The Conversation: Is there a "faux food" you'd like food scientists to invent?
Recipe updated & republished 2015 for a little weekend cooking inspiration!
You won’t find many faux foods in Kitchen Parade. But once in awhile, along comes a product worth touting.
For months, I ignored the raves about fat-free half ‘n’ half. Like low-fat butter, it sounded too good to be true, tempting with promise but certain to disappoint. Once tried, however, it was instantly a refrigerator staple, especially for creamy essence in soups like this week’s SALMON CHOWDER.
But truth be told, some times this product disappoints. Its calorie count is up there with whole milk’s even if the fat grams match up with skim’s. But it’s an unreliable substitute: in quiche and casseroles, for example, it separates and refuses to thicken.
Still, to my taste buds and my waist line, it can’t be beat in winter-hearty, body-healthy soups.
2015 Update: The truth is, I've stopped buying fat-free half 'n' half.
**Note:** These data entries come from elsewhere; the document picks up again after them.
(* Let $n\ge 2$ and $p>0$. Writing $x=(x',x_n)$ with $x'\in\mathbb R^{n-1}$, let $$\Omega_1=\{(x',x_n): |x'|<1,\ 0<x_n<(1-|x'|^2)^{\frac{n}{n+p-2}}\},\qquad w(x)=\tfrac12\Big[x_n-x_n^{\frac{2}{n+p}}(1-|x'|^2)^{\frac{n}{n+p}}\Big].$$ Then $w$ is smooth in $\Omega_1$, $w<0$ in $\Omega_1$, $w=0$ on $\partial\Omega_1$, and the (pointwise) Hessian determinant satisfies $\det D^2w\le|w|^{-p}$ in $\Omega_1$. (Here $w$ need not be convex.) *)

theory Defs
  imports "HOL-Analysis.Analysis"
begin

definition partial :: "'n::finite \<Rightarrow> (real^'n \<Rightarrow> real) \<Rightarrow> real^'n \<Rightarrow> real" where
  "partial i f x = deriv (\<lambda>t. f (x + t *\<^sub>R axis i 1)) 0"

fun iter_partial :: "'n::finite list \<Rightarrow> (real^'n \<Rightarrow> real) \<Rightarrow> real^'n \<Rightarrow> real" where
  "iter_partial [] f = f"
| "iter_partial (i # is) f = partial i (iter_partial is f)"

definition smooth_on :: "(real^'n::finite) set \<Rightarrow> (real^'n \<Rightarrow> real) \<Rightarrow> bool" where
  "smooth_on S f \<longleftrightarrow>
     (\<forall>is. continuous_on S (iter_partial is f) \<and>
        (\<forall>i. \<forall>x\<in>S. (\<lambda>t. iter_partial is f (x + t *\<^sub>R axis i 1)) differentiable (at 0)))"

definition hessian :: "(real^'n::finite \<Rightarrow> real) \<Rightarrow> real^'n \<Rightarrow> real^'n^'n" where
  "hessian f x = (\<chi> i j. partial i (partial j f) x)"

text \<open>Splitting x = (x', x_n) for x in real^('m + unit), n = CARD('m) + 1.\<close>
definition xprime :: "real^('m::finite + unit) \<Rightarrow> real^'m" where
  "xprime x = (\<chi> i. x $ Inl i)"

definition xlast :: "real^('m::finite + unit) \<Rightarrow> real" where
  "xlast x = x $ Inr ()"

end

theory Submission
  imports Defs
begin

text \<open>Write \<open>s = x\<^sub>n\<close>, \<open>A = 1 - |x'|^2\<close>, \<open>q = 2/(n+p)\<close>, \<open>r = n/(n+p)\<close> and
  \<open>e = n/(n+p-2)\<close>, so that \<open>w = (s - s^q A^r)/2\<close>. Since \<open>e(1-q) = r\<close>, the inequality
  \<open>s < s^q A^r\<close> is equivalent to \<open>s < A^e\<close>, with equality on the graph \<open>s = A^e\<close>; this gives the
  sign of \<open>w\<close> and its boundary values. Finite sums of terms \<open>c s^a A^b x'^k\<close> are closed under
  partial differentiation, which gives smoothness and an explicit Hessian of the bordered form
  \<open>[[l I + g x' x'^T, b x'], [b x'^T, a]]\<close>. Its determinant is \<open>r^(n-1) q E s^(qn-2) A^((r-1)n)\<close>
  with \<open>E = A(1-q)/2 + (1-A)(1-q-r) \<le> 3(1-q)/2\<close>. As \<open>q(1-q) \<le> 1/4\<close> the prefactor is at
  most \<open>1\<close>, and the powers combine to \<open>(s^q A^r)^(-p) \<le> |w|^(-p)\<close>.\<close>

definition one_minus_norm2 :: "real^('m::finite+unit) \<Rightarrow> real" where
  "one_minus_norm2 x = 1 - (\<Sum>i\<in>UNIV. (x $ Inl i)^2)"

lemma one_minus_norm2_eq: "one_minus_norm2 x = 1 - norm (xprime x)^2"
  unfolding one_minus_norm2_def power2_norm_eq_inner inner_vec_def xprime_def
  by (simp add: power2_eq_square)

lemma norm_xprime_less_one_iff: "norm (xprime x) < 1 \<longleftrightarrow> 0 < one_minus_norm2 x"
  by (metis one_minus_norm2_eq abs_norm_cancel abs_square_less_1 diff_gt_0_iff_gt)

lemma one_minus_norm2_le_one: "one_minus_norm2 x \<le> 1"
  by (simp add: one_minus_norm2_def sum_nonneg)

lemma sum_sq_Inl: "(\<Sum>i\<in>UNIV. (x $ Inl i)^2) = 1 - one_minus_norm2 x"
  by (simp add: one_minus_norm2_def)

type_synonym 'm power_term = "real \<times> real \<times> real \<times> ('m \<Rightarrow> nat)"

definition coord_monomial :: "('m::finite \<Rightarrow> nat) \<Rightarrow> real^('m+unit) \<Rightarrow> real" where
  "coord_monomial k x = (\<Prod>i\<in>UNIV. (x $ Inl i) ^ k i)"

fun eval_term :: "'m::finite power_term \<Rightarrow> real^('m+unit) \<Rightarrow> real" where
  "eval_term (c, a, b, k) x = c * (x $ Inr ()) powr a * one_minus_norm2 x powr b * coord_monomial k x"

text \<open>For \<open>k j = 0\<close> the truncated exponent \<open>k j - 1\<close> is harmless: that term has coefficient \<open>0\<close>.\<close>

fun partial_term :: "('m::finite+unit) \<Rightarrow> 'm power_term \<Rightarrow> 'm power_term list" where
  "partial_term (Inr u) (c, a, b, k) = [(c*a, a-1, b, k)]"
| "partial_term (Inl j) (c, a, b, k) =
     [(-2*c*b, a, b-1, k(j := k j + 1)), (c * real (k j), a, b, k(j := k j - 1))]"

definition eval_terms :: "'m::finite power_term list \<Rightarrow> real^('m+unit) \<Rightarrow> real" where
  "eval_terms L x = (\<Sum>T\<leftarrow>L. eval_term T x)"

definition partial_terms :: "('m::finite+unit) \<Rightarrow> 'm power_term list \<Rightarrow> 'm power_term list" where
  "partial_terms d L = concat (map (partial_term d) L)"

lemma eval_terms_simps [simp]:
  "eval_terms [] x = 0"
  "eval_terms (T # L) x = eval_term T x + eval_terms L x"
  "eval_terms (L1 @ L2) x = eval_terms L1 x + eval_terms L2 x"
  by (simp_all add: eval_terms_def)

lemma partial_terms_simps [simp]:
  "partial_terms d [] = []"
  "partial_terms d (T # L) = partial_term d T @ partial_terms d L"
  by (simp_all add: partial_terms_def)

definition half_cylinder :: "(real^('m::finite+unit)) set" where
  "half_cylinder = {x. 0 < x $ Inr () \<and> 0 < one_minus_norm2 x}"

lemma open_half_cylinder: "open half_cylinder"
  unfolding half_cylinder_def one_minus_norm2_def
  by (intro open_Collect_conj open_Collect_less continuous_intros)

lemma axis_one_nth [simp]: "axis d (1::real) $ l = (if l = d then 1 else 0)"
  by (simp add: axis_def)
Today we just use whole milk, all the creaminess we like for almost the same calories. And in an age of simplification, it's one less thing for the grocery list.
Are any ambitious food scientists reading? Half ‘n’ half is a good start. But how about calorie-free bacon cheeseburgers and Friday-night pizza and grilled ribeyes and hot-buttered muffins still warm from the oven and chocolate chip cookies alongside a cold glass of milk and … and … and … fix these and faux is fine, just fine.
Time-to-table: 35 minutes
Makes 9 cups
- 2 cups chicken stock (or 1 14-ounce can fat-free chicken broth)
- 1 tablespoon olive oil
- 1 large onion, diced
- 1 fennel bulb, diced
- 2 carrots, peeled and diced
- 2 teaspoons minced garlic (about 2 cloves)
- 8 ounces (225g) russet potato, skin on, diced (from 1 large potato)
- 1-1/2 cups frozen corn
- 1 bay leaf
- 1/2 pound fresh salmon, cut in half- inch pieces
- 2 cups fat-free half ’n’ half or whole milk
- Salt and pepper
- Fresh thyme or chive, optional
Bring the broth to a boil in the microwave. (Skip this step if you’re not in a rush.)
Heat a large pot or Dutch oven on medium high. Add the oil, once it’s hot, add the vegetables as they’re prepped, stirring well with each addition, letting some color develop. Add the bay leaf and broth and bring to a boil. Cover, reduce heat to medium and simmer until vegetables are tender, about 10 minutes. (If you’re cooking ahead, stop here.)
Stir in the salmon, making sure to submerse so it’ll cook through. Add the half ‘n’ half and bring to eating temperature but do not allow to boil.
Season to taste with salt and pepper. Top bowls with fresh thyme or chive if desired.